GrowGun - Second Generation

The first generation CrowGun was easy to make and worked but had several flaws: the battery-powered squirt gun's batteries ran down and the harsh winter environment tended to corrode things. Also, the alchohol I added as antifreeze attacked the plastic of the gun's innards. Perhaps the worst limitation was that only one end of the roof was covered and the crows quickly learned to go pound their peanuts open at the other end of the house. (At least that was not over the bedroom!) This second generation addresses some of those flaws. It is WAY more complex and WWAAAYYY more expensive, and a SHITLOAD MORE WORK to build, but the fun of figuring it all out and the satisfaction of soaking one of those black bastards makes it easily worth the trouble.
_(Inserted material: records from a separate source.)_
(* Let $\{p_{(R,\alpha)}(\mathbf{x})\}_{(R,\alpha)}$ be a replacement rule satisfying the Fixation Axiom and Assumptions 1, 3 and 4. Then for every state $\mathbf{x}\in\{0,1\}^G$, $$\hat\Delta_{\mathrm{sel}}(\mathbf{x})=\sum_{i\in I}X_i\big(W_i(\mathbf{x})-V_i\big).$$
   Context: $G$ is a finite nonempty set of genetic sites, $n=|G|$, partitioned into sets $G_i$ ($i\in I$, the individuals), $n_i=|G_i|$; $g\sim h$ means $g,h\in G_i$ for some $i$. A state is $\mathbf{x}\in\{0,1\}^G$; $\mathbf{a}$ is the all-zero and $\mathbf{A}$ the all-one state. A replacement event is $(R,\alpha)$ with $R\subseteq G$, $\alpha:R\to G$; a replacement rule gives for each state a probability distribution $\{p_{(R,\alpha)}(\mathbf{x})\}$ over events. Fixation Axiom: there exist $g\in G$, $m\ge1$, events $(R_k,\alpha_k)_{k=1}^m$ with $p_{(R_k,\alpha_k)}(\mathbf{x})>0$ for all $k,\mathbf{x}$, $g\in R_k$ for some $k$, and $\tilde\alpha_1\circ\cdots\circ\tilde\alpha_m(h)=g$ for all $h$, where $\tilde\alpha_k$ equals $\alpha_k$ on $R_k$ and the identity elsewhere. $e_{gh}(\mathbf{x})=\sum_{(R,\alpha):h\in R,\alpha(h)=g}p_{(R,\alpha)}(\mathbf{x})$, $d_g(\mathbf{x})=\sum_he_{hg}(\mathbf{x})$. Assumption 1: $p_{(R,\alpha)}(\mathbf{A})=p_{(R,\alpha)}(\mathbf{a})$ for all events; $e^\circ_{gh},d^\circ_g$ denote values in these states. Reproductive values: the unique $(v_g)$ with $d^\circ_gv_g=\sum_he^\circ_{gh}v_h$ for all $g$ and $\sum_gv_g=n$. $\hat b_g(\mathbf{x})=\sum_he_{gh}(\mathbf{x})v_h$, $\hat d_g(\mathbf{x})=v_gd_g(\mathbf{x})$, fitness $w_g(\mathbf{x})=v_g-\hat d_g(\mathbf{x})+\hat b_g(\mathbf{x})$, $\hat\Delta_{\mathrm{sel}}(\mathbf{x})=\sum_gx_g(\hat b_g(\mathbf{x})-\hat d_g(\mathbf{x}))$. Individual quantities: $X_i=\frac1{n_i}\sum_{g\in G_i}x_g$, $V_i=\sum_{g\in G_i}v_g$, $W_i(\mathbf{x})=\sum_{g\in G_i}w_g(\mathbf{x})$. Assumption 3 (coherence of individuals): if $g\sim h$, then for each state $\mathbf{x}$ and each event $(R,\alpha)$ with $p_{(R,\alpha)}(\mathbf{x})>0$, either $g,h\in R$ or $g,h\notin R$. Assumption 4 (fair meiosis): if $(R,\alpha_1)$, $(R,\alpha_2)$ are events with the same $R$ and $\alpha_1(g)\sim\alpha_2(g)$ for all $g\in R$, then $p_{(R,\alpha_1)}(\mathbf{x})=p_{(R,\alpha_2)}(\mathbf{x})$ for every state $\mathbf{x}$. *)

theory Defs
  imports Complex_Main
begin
(* Let $r\geqslant 2$ and let $\mathcal{G}$ be a Newton graph of order $r$ on the torus $T$, with vertices $v_1,\dots,v_r$, faces $F_{r+1},\dots,F_{r+r}$, and edges $e_1,\dots,e_{2r}$. Let $\mathcal{G}^{*}$ be a geometric dual of $\mathcal{G}$, with vertex $v^{*}_{r+i}$ lying in $F_{r+i}$ and edge $e_k^{*}$ the dual edge crossing $e_k$. Put $\delta_i=\deg(v_i)$ and $\delta_i^{*}=\deg(v^{*}_{r+i})$, $i=1,\dots,r$. Then $$1<\delta_i\leqslant 2r,\qquad 1<\delta^{*}_i\leqslant 2r\quad (i=1,\dots,r),\qquad \sum_{i=1}^{r}\delta_i=\sum_{i=1}^{r}\delta^{*}_i=4r.$$ Moreover, the common refinement $\mathcal{G}\wedge\mathcal{G}^{*}$ has precisely $4r$ faces, and no vertex $s_k$ of $\mathcal{G}\wedge\mathcal{G}^{*}$ is connected by two edges of $\mathcal{G}\wedge\mathcal{G}^{*}$ to the same vertex $v_i$ or to the same vertex $v^{*}_{r+i}$.
   Context: All graphs are cellular embeddings in the torus $T$ (each face homeomorphic to an open disk) of connected abstract multigraphs without loops, having $r$ vertices, $2r$ edges and hence $r$ faces; $r$ is the order. Such a graph has the E(Euler)-property if the boundary of each face, as a subgraph, is Eulerian: it admits a closed facial walk traversing each of its edges exactly once and passing through all its vertices (equivalently, every edge lies on the boundaries of two different faces, each traversed once). It has the A(angle)-property if to every sector of a face at a vertex on its boundary one can assign a well-defined strictly positive angle such that these angles sum up to $2\pi$ (around each vertex, and over the sectors of each face). A Newton graph is such a graph having both the A-property and the E-property. The geometric dual $\mathcal{G}^{*}$ has one vertex in each face of $\mathcal{G}$ and one edge $e_k^{*}$ crossing each edge $e_k$ of $\mathcal{G}$ exactly once; $\mathcal{G}^{*}$ is again a Newton graph of order $r$. The common refinement $\mathcal{G}\wedge\mathcal{G}^{*}$ is the embedded graph whose vertices are the vertices $v_i$ of $\mathcal{G}$, the crossing points $s_k$ of $e_k$ and $e_k^{*}$ ($k=1,\dots,2r$), and the vertices $v^{*}_{r+i}$ of $\mathcal{G}^{*}$; each $e_k$ (resp. $e_k^{*}$) is split into two edges of $\mathcal{G}\wedge\mathcal{G}^{*}$ joining $s_k$ to the two end vertices of $e_k$ (resp. $e_k^{*}$), and there are no other edges. *)

theory Defs
  imports Complex_Main
begin

text \<open>
Combinatorial encoding of a cellular embedding of a connected loopless multigraph in
the (orientable) torus: an oriented combinatorial map (rotation system) on a finite
set of darts D (half-edges).  alpha is the fixed-point-free involution pairing the
two darts of an edge, sigma the counterclockwise rotation of darts around their
vertex.  Vertices, edges and faces are the orbits of sigma, alpha and sigma o alpha.
Faces are traversed keeping the face on the right.  The dart c also names the
sector (corner) at its vertex between c and sigma c; this sector lies in the face
containing alpha c.
\<close>

definition orb :: "('a \<Rightarrow> 'a) \<Rightarrow> 'a \<Rightarrow> 'a set" where
  "orb f x = range (\<lambda>n. (f ^^ n) x)"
First, it has a half gallon tank to hold the "ammunition" and a compressor (12V motorcycle tire pump) to pressurize the tank from the top. Liquid goes out the bottom into a tee that feeds two solenoid valves which are connected via high pressure hose to respective nozzels. When I initially shopped for a tank, I wanted to get stainless but the only stainless tanks available at the time were industrial high grade devices for pneumatics and/or medical/food service containers and were several hundred dollars; WAY too much. So I settled for a steel tank designed for air horns and had to use antifreeze (pet-safe) for the corrosion inhibitors. Works ok, but I've since found a stainless tank and will be using that in Gen 3.

The whole thing is controlled by a Raspberry Pi. This was my first Pi project. Fun little computer! I used a Pi Zero to keep the watts to a minum. It's still a full-blown Linux OS on a tiny board that fits in a shirt pocket. The Zero didn't have WiFi (at the time) so I added a WiFi dongle to the 12V powered USB hub that also supplies power to the two cameras. I used Logitech C270's for their high quality and low price for an h264-enabled camera. This hardware compression offloads the work of compressing two streams from mjpeg-streamer (the app that streams the two images over WiFi). Even with two streams, top shows %CPU at only 17%

The entire system runs on a 5A 12V brick. Running the compressor, however, takes more amps (I think I measured about 7A with light load) so I added a 12V motorcycle battery to run it. To charge the 12V battery, however, takes 13.6V, so I modifed the brick by popping the glued shell open on its seams and reverse engineering the circuit. By adding the right value resistor in parallel with one of the two in the feedback divider, I adjusted the output to almost exactly 13.6V. When I click the "Comp" checkbox (see first image, below, of the web interface), it closes a relay that connects the battery to the compressor. When the PSI reaches whatever the "Max PSI" is set to, the relay is opened. Then, another relay closes to connect the 13.6V supply to the battery. Charging current is monitored until it drops to near zero and then that relay is opened.

I added an Adafruit ADS1115 4-Channel ADC to read the pressure sensor, the charging current, the compressor temperature and the temperature inside the electronics box. Temperature sensors are small, 3-leg 5V-in-Deg-C-out sensors. I also added two 4-relay boards, giving me 8 relays to control the battery charging on/off, Fire West Valve, Fire East Valve, Compressor, Lo, Med and Hi battery charging (three different current limiting resistors), and a fan.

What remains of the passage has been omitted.